Have tried methods from Google but nothing is working.

Help would be greatly appreciated!


----------



## EAFiedler (Apr 25, 2000)

Hi *Boomer123454*

Try creating at least one Contact in Hotmail, then Export the Hotmail Contact list to your Desktop as a .csv file.
Contacts > Options > Export Contacts

Open the .csv file, then you can see the template Hotmail uses and either paste the information from your Excel sheet to the .csv file or change the order and Headers of your Excel file to match the Hotmail .csv file.​
Import the .csv file into Hotmail:
Contacts > Options > Import Contacts
Select the Microsoft Outlook icon.

In Step 2, it should default to the Microsoft Outlook (using csv) option.
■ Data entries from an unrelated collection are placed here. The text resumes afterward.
lemma slope_eq_if_not_in_R_reg:
  assumes "x j \<notin> R_reg n x y" "2 \<le> j" "j \<le> n - 1"
  shows "(y (j + 1) - y j) / (x (j + 1) - x j) = (y j - y (j - 1)) / (x j - x (j - 1))"
  using assms unfolding R_reg_def by blast

lemma label_eq_if_not_in_R_class:
  assumes "x j \<notin> R_class n x y" "2 \<le> j" "j \<le> n - 1"
  shows "y (j - 1) = y j" "y (j + 1) = y j"
  using assms unfolding R_class_def by blast+

lemma R_class_gap_const:
  assumes ia: "1 \<le> ia" "ia < i" "i < ib" "ib \<le> n"
    and gap: "\<forall>j. ia < j \<and> j < ib \<longrightarrow> x j \<notin> R_class n x y"
  shows "y i = y ia" "y ib = y ia"
proof -
  have step: "y (Suc j) = y j" if "ia \<le> j" "j < ib" for j
  proof (cases "Suc j < ib")
    case True
    then have "x (Suc j) \<notin> R_class n x y" "2 \<le> Suc j" "Suc j \<le> n - 1"
      using gap that ia by auto
    from label_eq_if_not_in_R_class(1)[OF this] show ?thesis by simp
  next
    case False
    then have "x j \<notin> R_class n x y" "2 \<le> j" "j \<le> n - 1"
      using gap that ia by auto
    from label_eq_if_not_in_R_class(2)[OF this] show ?thesis by simp
  qed
  have const: "j \<le> ib \<longrightarrow> y j = y ia" if "ia \<le> j" for j
    using that by (induction j rule: dec_induct) (use step in auto)
  show "y i = y ia" "y ib = y ia"
    using const[of i] const[of ib] ia by auto
qed

lemma interpolate_affine:
  fixes a b t c m :: real
  assumes "a < b"
  shows "((b - t) / (b - a)) * c + ((t - a) / (b - a)) * (c + m * (b - a)) = c + m * (t - a)"
  using assms by (simp add: divide_simps) (simp add: algebra_simps)

lemma R_reg_gap_affine:
  fixes x y :: "nat \<Rightarrow> real"
  assumes x: "strict_mono_on {1..n} x" and ia: "1 \<le> ia" "ia < i" "i < ib" "ib \<le> n"
    and gap: "\<forall>j. ia < j \<and> j < ib \<longrightarrow> x j \<notin> R_reg n x y"
  shows "((x ib - x i) / (x ib - x ia)) * y ia + ((x i - x ia) / (x ib - x ia)) * y ib = y i"
proof -
  define slope where "slope j = (y (Suc j) - y j) / (x (Suc j) - x j)" for j
  have slope_const: "j < ib \<longrightarrow> slope j = slope ia" if "ia \<le> j" for j
    using that
  proof (induction j rule: dec_induct)
    case (step j)
    show ?case
    proof
      assume "Suc j < ib"
      then have "x (Suc j) \<notin> R_reg n x y" "2 \<le> Suc j" "Suc j \<le> n - 1"
        using gap step.hyps ia by auto
      from slope_eq_if_not_in_R_reg[OF this] have "slope (Suc j) = slope j"
        by (simp add: slope_def)
      then show "slope (Suc j) = slope ia" using step \<open>Suc j < ib\<close> by simp
    qed
  qed simp
  have line: "j \<le> ib \<longrightarrow> y j = y ia + slope ia * (x j - x ia)" if "ia \<le> j" for j
    using that
  proof (induction j rule: dec_induct)
    case (step j)
    show ?case
    proof
      assume "Suc j \<le> ib"
      then have "x j < x (Suc j)"
        using step.hyps ia strict_mono_on_less[OF x] by auto
      moreover have "(y (Suc j) - y j) / (x (Suc j) - x j) = slope ia"
        using slope_const[OF step.hyps(1)] \<open>Suc j \<le> ib\<close> slope_def[of j] by simp
      ultimately have "y (Suc j) = y j + slope ia * (x (Suc j) - x j)"
        by (simp add: divide_eq_eq algebra_simps)
      then show "y (Suc j) = y ia + slope ia * (x (Suc j) - x ia)"
        using step.IH \<open>Suc j \<le> ib\<close> by (simp add: algebra_simps)
    qed
  qed simp
  have "x ia < x ib"
    using ia strict_mono_on_less[OF x] by auto
  from interpolate_affine[OF this, of "x i" "y ia" "slope ia"] show ?thesis
    using line[of i] line[of ib] ia by simp
qed

definition margin_set :: "'k \<Rightarrow> (real ^ 'k::finite) set" where
  "margin_set c = (\<Inter>l. {v. (if c \<noteq> l then 1 else 0) \<le> (axis c 1 - axis l 1) \<bullet> v})"

lemma closed_margin_set: "closed (margin_set c)"
  unfolding margin_set_def by (intro closed_INT ballI closed_halfspace_ge)

lemma convex_margin_set: "convex (margin_set c)"
  unfolding margin_set_def by (intro convex_INT ballI convex_halfspace_ge)

lemma axis_in_margin_set: "axis c 1 \<in> margin_set c"
  by (auto simp: margin_set_def inner_diff_left inner_axis_axis)

lemma regression_optimum_exists:
  fixes x y :: "nat \<Rightarrow> real"
  assumes n: "2 \<le> n" and x: "strict_mono_on {1..n} x" "x 1 = -1" "x n = 1"
  shows "\<exists>\<rho> h. reg_feasible n x y \<rho> h \<and> vm_support \<rho> h \<subseteq> F_reg n x y \<and>
           (\<forall>\<rho>' h'. reg_feasible n x y \<rho>' h' \<longrightarrow> vm_tv \<rho> h \<le> vm_tv \<rho>' h')"
proof -
  have "reg_feasible n x y = constraint_feasible n x (\<lambda>i. {y i})"
    by (auto simp: fun_eq_iff reg_feasible_def constraint_feasible_def)
  moreover have "((x ib - x i) / (x ib - x ia)) *\<^sub>R v + ((x i - x ia) / (x ib - x ia)) *\<^sub>R w \<in> {y i}"
    if "1 \<le> ia" "ia < i" "i < ib" "ib \<le> n" "\<forall>j. ia < j \<and> j < ib \<longrightarrow> x j \<notin> R_reg n x y"
      "v \<in> {y ia}" "w \<in> {y ib}" for ia i ib v w
    using R_reg_gap_affine[OF x(1) that(1-5)] that(6,7) by simp
  then have "\<exists>\<rho> h. constraint_feasible n x (\<lambda>i. {y i}) \<rho> h \<and> vm_support \<rho> h \<subseteq> {-1, 1} \<times> R_reg n x y \<and>
      (\<forall>\<rho>' h'. constraint_feasible n x (\<lambda>i. {y i}) \<rho>' h' \<longrightarrow> vm_tv \<rho> h \<le> vm_tv \<rho>' h')"
    by (intro optimal_measure_on_knots[OF x R_reg_knots[OF n]]) simp_all
  ultimately show ?thesis unfolding F_reg_def by simp
qed

lemma classification_optimum_exists:
  fixes x :: "nat \<Rightarrow> real" and y :: "nat \<Rightarrow> 'k::finite"
  assumes n: "2 \<le> n" and x: "strict_mono_on {1..n} x" "x 1 = -1" "x n = 1"
  shows "\<exists>\<rho> h. class_feasible n x y \<rho> h \<and> vm_support \<rho> h \<subseteq> F_class n x y \<and>
           (\<forall>\<rho>' h'. class_feasible n x y \<rho>' h' \<longrightarrow> vm_tv \<rho> h \<le> vm_tv \<rho>' h')"
proof -
  have "class_feasible n x y = constraint_feasible n x (\<lambda>i. margin_set (y i))"
    by (auto simp: fun_eq_iff class_feasible_def constraint_feasible_def margin_set_def)
  moreover have "((x ib - x i) / (x ib - x ia)) *\<^sub>R v + ((x i - x ia) / (x ib - x ia)) *\<^sub>R w \<in> margin_set (y i)"
    if "1 \<le> ia" "ia < i" "i < ib" "ib \<le> n" "\<forall>j. ia < j \<and> j < ib \<longrightarrow> x j \<notin> R_class n x y"
      "v \<in> margin_set (y ia)" "w \<in> margin_set (y ib)" for ia i ib v w
  proof -
    have "x ia < x i" "x i < x ib"
      using that(1-4) strict_mono_on_less[OF x(1)] by auto
    moreover have "v \<in> margin_set (y i)" "w \<in> margin_set (y i)"
      using R_class_gap_const[OF that(1-5)] that(6,7) by simp_all
    ultimately show ?thesis
      by (intro convexD[OF convex_margin_set]) (simp_all add: divide_simps)
  qed
  then have "\<exists>\<rho> h. constraint_feasible n x (\<lambda>i. margin_set (y i)) \<rho> h \<and>
      vm_support \<rho> h \<subseteq> {-1, 1} \<times> R_class n x y \<and>
      (\<forall>\<rho>' h'. constraint_feasible n x (\<lambda>i. margin_set (y i)) \<rho>' h' \<longrightarrow> vm_tv \<rho> h \<le> vm_tv \<rho>' h')"
    using closed_margin_set axis_in_margin_set
    by (intro optimal_measure_on_knots[OF x R_class_knots[OF n]]) blast+
  ultimately show ?thesis unfolding F_class_def by simp
qed

theorem theorem1:
  fixes n :: nat and x :: "nat \<Rightarrow> real"
    and yr :: "nat \<Rightarrow> real" and yc :: "nat \<Rightarrow> 'k::finite"
  assumes "n \<ge> 2"
    and "x 1 = -1" and "x n = 1"
    and "\<forall>i. 1 \<le> i \<and> i < n \<longrightarrow> x i < x (i + 1)"
  shows "(\<exists>\<rho> h. reg_feasible n x yr \<rho> h \<and> vm_support \<rho> h \<subseteq> F_reg n x yr \<and>
            (\<forall>\<rho>' h'. reg_feasible n x yr \<rho>' h' \<longrightarrow> vm_tv \<rho> h \<le> vm_tv \<rho>' h'))
       \<and> (\<exists>\<rho> h. class_feasible n x yc \<rho> h \<and> vm_support \<rho> h \<subseteq> F_class n x yc \<and>
            (\<forall>\<rho>' h'. class_feasible n x yc \<rho>' h' \<longrightarrow> vm_tv \<rho> h \<le> vm_tv \<rho>' h'))"
proof -
  have x_mono: "strict_mono_on {1..n} x"
  proof (rule strict_mono_onI)
    fix i j :: nat assume "i \<in> {1..n}" "j \<in> {1..n}" "i < j"
    moreover have "x k < x (Suc k)" if "k \<in> {1..<n}" for k
      using assms(4) that by simp
    ultimately show "x i < x j"
      using lift_Suc_mono_less_ivl[of "{1..<n}" x i j] by auto
  qed
  show ?thesis
    using regression_optimum_exists[OF assms(1) x_mono assms(2,3)]
      classification_optimum_exists[OF assms(1) x_mono assms(2,3)] by (rule conjI)
qed

end
lemma sum_stein_sol_increment_nonneg:
  assumes lam: "lam > 0" and k: "k \<ge> 1" "k < N"
  shows "(\<Sum>i<N. stein_sol lam i (Suc k) - stein_sol lam i k) \<ge> 0"
proof -
  obtain r where r: "k = Suc r" using k by (cases k) auto
  have pos: "poi lam r > 0" "poi lam k > 0" using poi_pos[OF lam] by auto
  have "(\<Sum>i<N. stein_sol lam i (Suc k) - stein_sol lam i k)
      = (poi_tail lam N / lam) * (poi_cdf lam (Suc k) / poi lam k - poi_cdf lam k / poi lam r)"
    using k lam pos unfolding sum_subtractf r
    by (simp add: sum_stein_sol field_simps)
  also have "\<dots> \<ge> 0"
    using poi_cdf_ratio_mono[OF lam, of r] poi_tail_bounds(1)[of lam N] lam r
    by (intro mult_nonneg_nonneg) auto
  finally show ?thesis .
qed

definition tail_stein_sol :: "real \<Rightarrow> nat \<Rightarrow> nat \<Rightarrow> real" where
  "tail_stein_sol lam j k = (\<Sum>i<j. stein_sol lam i k)"

lemma tail_stein_equation:
  assumes "lam > 0"
  shows "lam * tail_stein_sol lam j (Suc k) - real k * tail_stein_sol lam j k
           = (if k < j then 1 else 0) - poi_cdf lam j"
proof -
  have "lam * tail_stein_sol lam j (Suc k) - real k * tail_stein_sol lam j k
      = (\<Sum>i<j. lam * stein_sol lam i (Suc k) - real k * stein_sol lam i k)"
    by (simp add: tail_stein_sol_def sum_distrib_left sum_subtractf)
  also have "\<dots> = (\<Sum>i<j. (if k = i then 1 else 0) - poi lam i)"
    using stein_equation[OF assms] by simp
  finally show ?thesis by (simp add: sum_subtractf poi_cdf_def)
qed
If not, select that option.
For Step 3, click the *Browse* button and browse to, and select, the .csv file you created, or added to, on your Desktop.
Click the *Import Contacts* button that appears in the Hotmail window.​The Import should begin.
Hotmail will tell you if it is successful or not.

Let us know if that works for you or not.


----------



## Boomer123454 (Sep 23, 2010)

Thany you very much for your help! The process worked great. Only problem encountered was my e-mail data was in e-mail format. So i ahd to remove the hyperlink before including the data in the .csv file.


----------